» Required action:
Go through the records line by line from the top and repeat each one exactly, ending with the line that contains "theory Defs".

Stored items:
(* Let $f:M\to M$ be a partially hyperbolic endomorphism of a closed manifold $M$. Then the dimensions of $E^s_f(x_0)$, $E^c_f(x_0)$ and $E^u_f(x_0)$ are constant, independent of $\bar x=(x_n)\in M^f$.
   Context: A $C^1$ local diffeomorphism $f:M\to M$ is a partially hyperbolic endomorphism if there are a Riemannian metric and constants $0<\nu<\gamma_1\le\gamma_2<\mu$, $\nu<1<\mu$, $C>1$ such that for every orbit $(x_n)_{n\in\mathbb{Z}}$ ($f(x_n)=x_{n+1}$) there is a splitting $T_{x_n}M=E^s_f(x_n)\oplus E^c_f(x_n)\oplus E^u_f(x_n)$, $Df$-invariant along the orbit, with $\|Df^n_{x_i}v^s\|\le C\nu^n\|v^s\|$, $C^{-1}\gamma_1^n\|v^c\|\le\|Df^n_{x_i}v^c\|\le C\gamma_2^n\|v^c\|$, $C^{-1}\mu^n\|v^u\|\le\|Df^n_{x_i}v^u\|$ for all $n\ge0$, $i\in\mathbb{Z}$, $v^\ast\in E^\ast_f(x_i)$. $M^f=\{(x_n)_{n\in\mathbb{Z}}:f(x_n)=x_{n+1}\}$ is the set of all orbits. *)

theory Defs
  imports "HOL-Analysis.Analysis"
begin

text \<open>Closed manifolds are modelled as compact, connected C^1 embedded submanifolds
  (without boundary) of a Euclidean space (Whitney embedding).\<close>

definition C1_on :: "('a::euclidean_space \<Rightarrow> 'b::euclidean_space) \<Rightarrow> 'a set \<Rightarrow> bool" where
  "C1_on f S \<longleftrightarrow> (\<exists>f'. (\<forall>x\<in>S. (f has_derivative blinfun_apply (f' x)) (at x))
                        \<and> continuous_on S f')"

definition C1_submanifold :: "'a::euclidean_space set \<Rightarrow> nat \<Rightarrow> bool" where
  "C1_submanifold M d \<longleftrightarrow>
     (\<forall>x\<in>M. \<exists>U V (\<phi>::'a \<Rightarrow> 'a) \<psi> L. open U \<and> x \<in> U \<and> open V \<and> subspace L \<and> dim L = d
        \<and> \<phi> ` U = V \<and> (\<forall>y\<in>U. \<psi> (\<phi> y) = y) \<and> (\<forall>z\<in>V. \<phi> (\<psi> z) = z)
        \<and> C1_on \<phi> U \<and> C1_on \<psi> V \<and> \<phi> ` (M \<inter> U) = V \<inter> L)"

» Solution for this task:
(* Let $f:M\to M$ be a partially hyperbolic endomorphism of a closed manifold $M$. Then the dimensions of $E^s_f(x_0)$, $E^c_f(x_0)$ and $E^u_f(x_0)$ are constant, independent of $\bar x=(x_n)\in M^f$.
   Context: A $C^1$ local diffeomorphism $f:M\to M$ is a partially hyperbolic endomorphism if there are a Riemannian metric and constants $0<\nu<\gamma_1\le\gamma_2<\mu$, $\nu<1<\mu$, $C>1$ such that for every orbit $(x_n)_{n\in\mathbb{Z}}$ ($f(x_n)=x_{n+1}$) there is a splitting $T_{x_n}M=E^s_f(x_n)\oplus E^c_f(x_n)\oplus E^u_f(x_n)$, $Df$-invariant along the orbit, with $\|Df^n_{x_i}v^s\|\le C\nu^n\|v^s\|$, $C^{-1}\gamma_1^n\|v^c\|\le\|Df^n_{x_i}v^c\|\le C\gamma_2^n\|v^c\|$, $C^{-1}\mu^n\|v^u\|\le\|Df^n_{x_i}v^u\|$ for all $n\ge0$, $i\in\mathbb{Z}$, $v^\ast\in E^\ast_f(x_i)$. $M^f=\{(x_n)_{n\in\mathbb{Z}}:f(x_n)=x_{n+1}\}$ is the set of all orbits. *)

theory Defs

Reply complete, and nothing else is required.